Anyone else think those rape charges are trumped up?

Anyway, the bestiality of the ass and the divinity of the angel remind me of the conflicting feelings I have about WikiLeaks' most recent endeavour:  noble public service or dangerously irresponsible act?  Journalism or espionage?  The Ass or the Angel?  (Associationalist philosophy may come in useful in examining these seemingly contradictory viewpoints....)

Sometimes I feel one way, sometimes another.  But our boy Julian, a name whose origin implies youth and downy beards, is a young man.  Too young to spend the rest of his life locked up in a superprison somewheres under the Denver International Airport.
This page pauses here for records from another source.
lemma prob_I_in_Int_U0U1_in:
  assumes S: "S \<in> sets borel_vec" and T: "T \<in> sets (borel_vec \<Otimes>\<^sub>M borel_vec)"
  shows "prob {\<omega> \<in> space M. I \<omega> \<in> S \<and> (U0 \<omega>, U1 \<omega>) \<in> T}
       = prob {\<omega> \<in> space M. I \<omega> \<in> S} * prob {\<omega> \<in> space M. (U0 \<omega>, U1 \<omega>) \<in> T}"
proof -
  let ?X = "\<lambda>\<omega> k. ([I, U0, U1] ! k) \<omega>"
  let ?A = "{f \<in> space (PiM {0::nat} (\<lambda>_. borel_vec)). f 0 \<in> S}"
  let ?B = "{f \<in> space (PiM {1::nat, 2} (\<lambda>_. borel_vec)). (f 1, f 2) \<in> T}"
  have A: "?A \<in> sets (PiM {0} (\<lambda>_. borel_vec))"
    using measurable_sets[OF measurable_component_singleton[of 0 "{0::nat}"] S]
    by (simp add: vimage_def Int_def conj_commute)
  have "(\<lambda>f. (f 1, f 2)) \<in> PiM {1::nat, 2} (\<lambda>_. borel_vec) \<rightarrow>\<^sub>M borel_vec \<Otimes>\<^sub>M borel_vec"
    by (auto intro!: measurable_Pair measurable_component_singleton)
  from measurable_sets[OF this T] have B: "?B \<in> sets (PiM {1, 2} (\<lambda>_. borel_vec))"
    by (simp add: vimage_def Int_def conj_commute)
  have "indep_var (PiM {0} (\<lambda>_. borel_vec)) (\<lambda>\<omega>. restrict (?X \<omega>) {0})
      (PiM {1, 2} (\<lambda>_. borel_vec)) (\<lambda>\<omega>. restrict (?X \<omega>) {1, 2})"
    by (rule indep_var_restrict[OF indep_I_U0_U1]) auto
  from indep_varD[OF this A B] show ?thesis
    using measurable_space[OF I_measurable] measurable_space[OF U0_measurable]
      measurable_space[OF U1_measurable]
    by (simp add: vimage_def space_PiM Int_def conj_commute cong: conj_cong)
qed

lemma indep_var_U0_U1: "indep_var borel_vec U0 borel_vec U1"
proof -
  have "indep_var borel_vec ((\<lambda>f. f 1) \<circ> (\<lambda>\<omega>. restrict (\<lambda>k. ([I, U0, U1] ! k) \<omega>) {1}))
      borel_vec ((\<lambda>f. f 2) \<circ> (\<lambda>\<omega>. restrict (\<lambda>k. ([I, U0, U1] ! k) \<omega>) {2}))"
    by (intro indep_var_compose[OF indep_var_restrict[OF indep_I_U0_U1]])
      (auto intro!: measurable_component_singleton)
  then show ?thesis
    by (simp add: comp_def)
qed

lemma distr_U0U1:
  assumes "d \<noteq> 0"
  shows "distr M (borel_vec \<Otimes>\<^sub>M borel_vec) (\<lambda>\<omega>. (U0 \<omega>, U1 \<omega>)) = uniform01_vec \<Otimes>\<^sub>M uniform01_vec"
proof -
  have "distr M borel_vec U0 = uniform01_vec" "distr M borel_vec U1 = uniform01_vec"
    using assms distr_U0 distr_U1
    by (auto intro!: distr_PiM_of_indep_components indep_U0 indep_U1)
  with indep_var_U0_U1 show ?thesis
    by (simp add: indep_var_distribution_eq)
qed

lemma integrable_continuous_Lam:
  assumes "continuous_on UNIV \<phi>"
  shows "integrable M (\<lambda>\<omega>. \<phi> (Lam \<omega>) :: real)"
proof -
  obtain B where B: "\<And>x. x \<in> {0..1} \<Longrightarrow> norm (\<phi> x) \<le> B"
    using compact_imp_bounded[OF compact_continuous_image[OF continuous_on_subset[OF assms] compact_Icc]]
    by (meson bounded_iff image_eqI subset_UNIV)
  have [measurable]: "\<phi> \<in> borel_measurable borel"
    by (rule borel_measurable_continuous_onI[OF assms])
  show ?thesis
    by (rule integrable_const_bound[where B = B]) (use Lam_AE_in_unit_interval B in auto)
qed

lemma prob_I_event:
  assumes "i \<in> PiE {..<d} (\<lambda>_. {0::nat, 1})"
  shows "prob (I_event i) = expectation (\<lambda>\<omega>. \<Prod>m<d. if i m = 0 then 1 - Lam \<omega> else Lam \<omega>)"
proof -
  have "\<forall>m<d. i m \<in> {0, 1}"
    using assms by auto
  then show ?thesis
    using assms by (simp add: I_event_def pmf_I bernoulli_weight_eq_prod)
qed

lemma disjoint_family_on_I_event: "disjoint_family_on I_event (PiE {..<d} (\<lambda>_. {0::nat, 1}))"
  unfolding disjoint_family_on_def
proof (intro ballI impI)
  fix i j assume i: "i \<in> PiE {..<d} (\<lambda>_. {0::nat, 1})" and j: "j \<in> PiE {..<d} (\<lambda>_. {0::nat, 1})"
    and "i \<noteq> j"
  then obtain m where "m < d" "i m \<noteq> j m"
    by (metis PiE_ext lessThan_iff)
  then show "I_event i \<inter> I_event j = {}"
    by (auto simp: I_event_def)
qed

lemma AE_in_I_event: "AE \<omega> in M. \<omega> \<in> (\<Union>i\<in>PiE {..<d} (\<lambda>_. {0::nat, 1}). I_event i)"
proof (rule AE_prob_1)
  let ?B = "PiE {..<d} (\<lambda>_. {0::nat, 1})"
  have "prob (\<Union>i\<in>?B. I_event i) = (\<Sum>i\<in>?B. prob (I_event i))"
  proof (rule finite_measure_finite_Union)
    show "finite ?B" by (simp add: finite_PiE)
    show "I_event ` ?B \<subseteq> events" using I_event_sets by blast
  qed (rule disjoint_family_on_I_event)
  also have "\<dots> = (\<Sum>i\<in>?B. expectation (\<lambda>\<omega>. \<Prod>m<d. if i m = 0 then 1 - Lam \<omega> else Lam \<omega>))"
    by (intro sum.cong refl prob_I_event)
  also have "\<dots> = expectation (\<lambda>\<omega>. \<Sum>i\<in>?B. \<Prod>m<d. if i m = 0 then 1 - Lam \<omega> else Lam \<omega>)"
    by (intro Bochner_Integration.integral_sum[symmetric] integrable_continuous_Lam)
      (auto intro!: continuous_intros)
  also have "\<dots> = 1"
    by (subst sum_prod_PiE_01[where f = "\<lambda>m y. if y = 0 then 1 - Lam _ else Lam _"])
      (simp add: prob_space)
  finally show "prob (\<Union>i\<in>?B. I_event i) = 1" .
qed

lemma prob_eq_sum_prob_I_event_Int:
  assumes [measurable]: "A \<in> events"
  shows "prob A = (\<Sum>i\<in>PiE {..<d} (\<lambda>_. {0::nat, 1}). prob (I_event i \<inter> A))"
proof -
  let ?B = "PiE {..<d} (\<lambda>_. {0::nat, 1})"
  have "prob A = prob (\<Union>i\<in>?B. I_event i \<inter> A)"
    using AE_in_I_event by (intro finite_measure_eq_AE) (auto simp: finite_PiE intro!: sets.finite_UN)
  also have "\<dots> = (\<Sum>i\<in>?B. prob (I_event i \<inter> A))"
    using disjoint_family_on_I_event
    by (intro finite_measure_finite_Union) (auto simp: finite_PiE disjoint_family_on_def)
  finally show ?thesis .
qed

lemma prob_U0_U1_powr_mult_le:
  assumes d: "d \<noteq> 0" and e: "\<And>m. m < d \<Longrightarrow> e m \<in> {0, 1}"
    and u: "\<And>m. m < d \<Longrightarrow> u m \<in> {0..1}"
  shows "prob {\<omega> \<in> space M. \<forall>m<d. U0 \<omega> m powr (1 - p) * U1 \<omega> m powr real (e m) \<le> u m}
         = (\<Prod>m<d. powr_mult_uniform_cdf (1 - p) (e m) (u m))"
proof -
  define T where "T = {xy \<in> space (borel_vec \<Otimes>\<^sub>M borel_vec).
    \<forall>m<d. fst xy m powr (1 - p) * snd xy m powr real (e m) \<le> u m}"
  have T: "T \<in> sets (borel_vec \<Otimes>\<^sub>M borel_vec)"
    unfolding T_def by measurable
  have "{\<omega> \<in> space M. \<forall>m<d. U0 \<omega> m powr (1 - p) * U1 \<omega> m powr real (e m) \<le> u m}
      = (\<lambda>\<omega>. (U0 \<omega>, U1 \<omega>)) -` T \<inter> space M"
    using measurable_space[OF U0_measurable] measurable_space[OF U1_measurable]
    by (auto simp: T_def space_pair_measure)
  then have "prob {\<omega> \<in> space M. \<forall>m<d. U0 \<omega> m powr (1 - p) * U1 \<omega> m powr real (e m) \<le> u m}
      = measure (distr M (borel_vec \<Otimes>\<^sub>M borel_vec) (\<lambda>\<omega>. (U0 \<omega>, U1 \<omega>))) T"
    using T by (simp add: measure_distr)
  also have "\<dots> = measure (uniform01_vec \<Otimes>\<^sub>M uniform01_vec) T"
    by (simp add: distr_U0U1[OF d])
  also have "T = {xy \<in> space (uniform01_vec \<Otimes>\<^sub>M uniform01_vec).
      \<forall>m<d. fst xy m powr (1 - p) * snd xy m powr real (e m) \<le> u m}"
    by (simp add: T_def space_pair_measure space_PiM)
  also have "measure (uniform01_vec \<Otimes>\<^sub>M uniform01_vec) \<dots> = (\<Prod>m<d. powr_mult_uniform_cdf (1 - p) (e m) (u m))"
    by (rule measure_PiM_uniform01_pair_powr_mult_le) (use p_pos p_less_1 u e in auto)
  finally show ?thesis .
qed

lemma prob_I_event_Int_U_le:
  assumes d: "d \<noteq> 0" and i: "i \<in> PiE {..<d} (\<lambda>_. {0::nat, 1})"
    and u: "\<And>m. m < d \<Longrightarrow> u m \<in> {0..1}"
  shows "prob (I_event i \<inter> {\<omega> \<in> space M. \<forall>m<d. U \<omega> m \<le> u m})
         = prob (I_event i) * (\<Prod>m<d. powr_mult_uniform_cdf (1 - p) (i m) (u m))"
proof -
  define S where "S = {f \<in> space borel_vec. \<forall>m<d. f m = real (i m)}"
  define T where "T = {xy \<in> space (borel_vec \<Otimes>\<^sub>M borel_vec).
    \<forall>m<d. fst xy m powr (1 - p) * snd xy m powr real (i m) \<le> u m}"
  have S: "S \<in> sets borel_vec" unfolding S_def by measurable
  have T: "T \<in> sets (borel_vec \<Otimes>\<^sub>M borel_vec)" unfolding T_def by measurable
  have space: "I \<omega> \<in> space borel_vec" "U0 \<omega> \<in> space borel_vec" "U1 \<omega> \<in> space borel_vec"
    if "\<omega> \<in> space M" for \<omega>
    using that measurable_space[OF I_measurable] measurable_space[OF U0_measurable]
      measurable_space[OF U1_measurable] by auto
  have "I_event i \<inter> {\<omega> \<in> space M. \<forall>m<d. U \<omega> m \<le> u m} = {\<omega> \<in> space M. I \<omega> \<in> S \<and> (U0 \<omega>, U1 \<omega>) \<in> T}"
    using space by (auto simp: I_event_def S_def T_def U_def space_pair_measure)
  moreover have "I_event i = {\<omega> \<in> space M. I \<omega> \<in> S}"
    using space by (auto simp: I_event_def S_def)
  moreover have "{\<omega> \<in> space M. (U0 \<omega>, U1 \<omega>) \<in> T}
      = {\<omega> \<in> space M. \<forall>m<d. U0 \<omega> m powr (1 - p) * U1 \<omega> m powr real (i m) \<le> u m}"
    using space by (auto simp: T_def space_pair_measure)
  moreover have "prob {\<omega> \<in> space M. \<forall>m<d. U0 \<omega> m powr (1 - p) * U1 \<omega> m powr real (i m) \<le> u m}
      = (\<Prod>m<d. powr_mult_uniform_cdf (1 - p) (i m) (u m))"
    by (rule prob_U0_U1_powr_mult_le[OF d]) (use i u in auto)
  ultimately show ?thesis
    using prob_I_in_Int_U0U1_in[OF S T] by simp
qed

lemma prob_I_event_mult_prod:
  assumes i: "i \<in> PiE {..<d} (\<lambda>_. {0::nat, 1})"
  shows "prob (I_event i) * (\<Prod>m<d. g m (i m))
         = expectation (\<lambda>\<omega>. \<Prod>m<d. if i m = 0 then (1 - Lam \<omega>) * g m 0 else Lam \<omega> * g m 1)"
proof -
  have "prob (I_event i) * (\<Prod>m<d. g m (i m))
      = expectation (\<lambda>\<omega>. (\<Prod>m<d. if i m = 0 then 1 - Lam \<omega> else Lam \<omega>) * (\<Prod>m<d. g m (i m)))"
    unfolding prob_I_event[OF i] by (rule integral_mult_left_zero[symmetric])
  also have "\<dots> = expectation (\<lambda>\<omega>. \<Prod>m<d. if i m = 0 then (1 - Lam \<omega>) * g m 0 else Lam \<omega> * g m 1)"
  proof (intro Bochner_Integration.integral_cong refl)
    fix \<omega>
    have "(if i m = 0 then 1 - Lam \<omega> else Lam \<omega>) * g m (i m)
        = (if i m = 0 then (1 - Lam \<omega>) * g m 0 else Lam \<omega> * g m 1)" if "m < d" for m
      using PiE_mem[OF i, of m] that by (cases "i m = 0") auto
    then show "(\<Prod>m<d. if i m = 0 then 1 - Lam \<omega> else Lam \<omega>) * (\<Prod>m<d. g m (i m))
        = (\<Prod>m<d. if i m = 0 then (1 - Lam \<omega>) * g m 0 else Lam \<omega> * g m 1)"
      by (simp add: prod.distrib[symmetric])
  qed
  finally show ?thesis .
qed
Pull the tiger's dragon's tail and whatnot.  In Bel and the Dragon, Daniel blows the whistle on the Persian priests who have long deceived the king (Cyrus) into believing a clay and bronze dragon idol eats the offerings put before him.  Using a clever ruse, Daniel proves the priests and their families consume the goodies instead.  For this, the priests and their families are put to death and Daniel is allowed to destroy the idol.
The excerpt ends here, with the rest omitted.